The hole on Wale Road in Colwood will be filled with housing.

The B.C. government’s housing program will fund $24.8 million for the “long-stalled” 124-unit affordable rental development at 342 Wale Rd. to accommodate Indigenous peoples and families, according to a joint media announcement made with the City of Colwood Monday.

The Aboriginal Land Trust Society will work with Yellowridge Construction to develop the rental buildings. Huu-ay-aht First Nations will assist with tenant selection and ongoing management.

“This project is desperately needed to address the affordable housing challenges facing Indigenous families in the area. This is an opportunity for all of us to work together to make things better for the less fortunate in B.C.,” said Chief Robert Dennis of Huu-ay-aht First Nations, in a statement.

Construction is set to begin this summer.

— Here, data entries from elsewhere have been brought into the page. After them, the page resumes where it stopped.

(* Let $\tau$ be a nice vocabulary, $m,k\in\mathbb N$, and let $\mathfrak K$ be an $m$-ary $PW(k)$-class of $\tau$-structures. Then $\mathfrak K$ is $(m,0)$-constructible.
   Context: Vocabularies are finite and relational; a vocabulary is nice if every relation symbol has positive arity. $m$-ary $PW(k)$-class: for a nice $\tau$, a class $\mathfrak K$ of $\tau$-structures is an $m$-ary $PW(k)$-class if there are a vocabulary $\tau^+\supseteq\tau$ with $|\tau^+\setminus\tau|=k$ and every relation in $\tau^+\setminus\tau$ of arity at most $m$, and a finite set $\mathfrak P$ of $\tau^+$-structures, such that $\mathfrak K$ consists exactly of the $\tau$-reducts of structures in the closure of $\mathfrak P$ under: disjoint union; recoloring $\rho_{i\to j}$ (for unary auxiliary predicates, move all elements of $P_i$ to $P_j$); modifications $\delta_{R,B}$ (redefine a relation $R$ by a quantifier-free formula $B$ of $\tau^+$). A $k$-const structure is $(M,a_1,\dots,a_k)$ with $a_i\in|M|$. Addition operations $\mathfrak S_{\tau,k,k_1,k_2}$: an element $\mathbf s$ consists of sets $A_l\subseteq\{1,\dots,k_l\}$, injections $g_l:A_l\to\{1,\dots,k\}$ with disjoint images covering $\{1,\dots,k\}$, sets $B_l\subseteq\{1,\dots,k_l\}^2$, $B\subseteq\{1,\dots,k_1\}\times\{1,\dots,k_2\}$, and for each $R\in\tau$ of arity $n$ and $w_1,w_2\subseteq\{1,\dots,n\}$ a $\{\mathbb T,\mathbb F\}$-valued function $f_{R,w_1,w_2}$ on triples $(p,q_1,q_2)$ ($p$ a quantifier-free $n$-type in a vocabulary of $k_1+k_2$ constants and two unary predicates, $q_l$ a quantifier-free $\tau$-type in $(x_i)_{i\in w_l}$). For $k_l$-const $(M_l,\bar a^l)$ with $|M_1|\cap|M_2|\subseteq\{a^1_i\}\cap\{a^2_j\}$, $a^l_i=a^l_j\iff(i,j)\in B_l$, $a^1_i=a^2_j\iff(i,j)\in B$, the sum $M_1\circledast_{\mathbf s}M_2$ is the $k$-const structure with universe $(|M_1|\setminus\{a^1_i\})\cup(|M_2|\setminus\{a^2_i\})\cup\{a^l_i:i\in A_l\}$, constants $b_{g_l(i)}=a^l_i$, and $R(\bar x)$ given by $f_{R,w_1,w_2}(p,q_1,q_2)$ where $w_l=\{i:x_i\in|M_l|\}$, $p$ is the quantifier-free type of $\bar x$ over all constants $a^l_i$ and the predicates $|M_1|,|M_2|$, and $q_l$ the quantifier-free type of $(x_i)_{i\in w_l}$ in $M_l$. Empty structures $\mathrm{Null}_X$ are allowed. A class $\mathfrak K$ of $\tau$-structures is $(m^*,k^* )$-constructible if there are a finite relational $\tau^+\supseteq\tau$ with all relations in $\tau^+\setminus\tau$ of arity $\le m^*$, a finite set $\mathfrak P$ of $k$-const $\tau^+$-structures ($k\le k^*$), and a finite set $\mathfrak S$ of addition operations in $\mathfrak S_{\tau^+,k,k_1,k_2}$ with $k,k_1,k_2\le k^*$, such that $\mathfrak K$ is exactly the set of $\tau$-reducts of the closure of $\mathfrak P$ under $\mathfrak S$. *)

theory Defs
  imports Main
begin

text \<open>A relation symbol is a pair (name, arity).
  Tuples are lists; all indices (variables, constants) are 0-based.\<close>

type_synonym sym = "nat \<times> nat"

definition ar :: "sym \<Rightarrow> nat" where
  "ar R = snd R"

definition vocab :: "sym set \<Rightarrow> bool" where
  "vocab \<sigma> \<longleftrightarrow> finite \<sigma>"

definition nice :: "sym set \<Rightarrow> bool" where
  "nice \<sigma> \<longleftrightarrow> vocab \<sigma> \<and> (\<forall>R\<in>\<sigma>. ar R > 0)"

record struc =
  univ :: "nat set"
  rel  :: "sym \<Rightarrow> nat list set"

definition is_struc :: "sym set \<Rightarrow> struc \<Rightarrow> bool" where
  "is_struc \<sigma> M \<longleftrightarrow> finite (univ M)
     \<and> (\<forall>R. rel M R \<subseteq> {xs. length xs = ar R \<and> set xs \<subseteq> univ M})
     \<and> (\<forall>R. R \<notin> \<sigma> \<longrightarrow> rel M R = {})"

definition reduct :: "sym set \<Rightarrow> struc \<Rightarrow> struc" where
  "reduct \<sigma> M = \<lparr>univ = univ M, rel = (\<lambda>R. if R \<in> \<sigma> then rel M R else {})\<rparr>"

definition iso :: "(nat \<Rightarrow> nat) \<Rightarrow> struc \<Rightarrow> struc \<Rightarrow> bool" where
  "iso h M N \<longleftrightarrow> bij_betw h (univ M) (univ N) \<and> (\<forall>R. rel N R = map h ` rel M R)"

section \<open>Quantifier-free formulas (variables = tuple positions)\<close>

datatype qf = QTrue | QEq nat nat | QRel sym "nat list" | QNot qf | QAnd qf qf

fun qf_ok :: "sym set \<Rightarrow> nat \<Rightarrow> qf \<Rightarrow> bool" where
  "qf_ok \<sigma> n QTrue = True"
| "qf_ok \<sigma> n (QEq i j) = (i < n \<and> j < n)"
| "qf_ok \<sigma> n (QRel R vs) = (R \<in> \<sigma> \<and> length vs = ar R \<and> (\<forall>v\<in>set vs. v < n))"
| "qf_ok \<sigma> n (QNot \<phi>) = qf_ok \<sigma> n \<phi>"
| "qf_ok \<sigma> n (QAnd \<phi> \<psi>) = (qf_ok \<sigma> n \<phi> \<and> qf_ok \<sigma> n \<psi>)"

“The City of Colwood is grateful for this investment in our community and is pleased to partner with the province and Aboriginal Land Trust Society on this new housing,” added Colwood Mayor Rob Martin.

“We know from our intensive work to address long-standing housing issues in B.C. that the struggle to find a good home can be even greater for Indigenous peoples who are overwhelmingly over-represented among people in B.C. experiencing homelessness,” said Mitzi Dean, MLA for Esquimalt-Metchosin, in a statement.

The project is part of the Building BC: Indigenous Housing Fund, a $550-million investment to build 1,750 affordable housing units in 10 years for Indigenous peoples in 26 communities in the province.

The Capital Regional District is set to receive $140 million in funding from the Building BC housing fund. This investment will go toward a Community Housing Fund of $100 million for more than 900 homes, an Indigenous Housing Fund of $33 million for more than 160 homes, and a Women’s Transition Housing Fund of $7 million for 20 homes.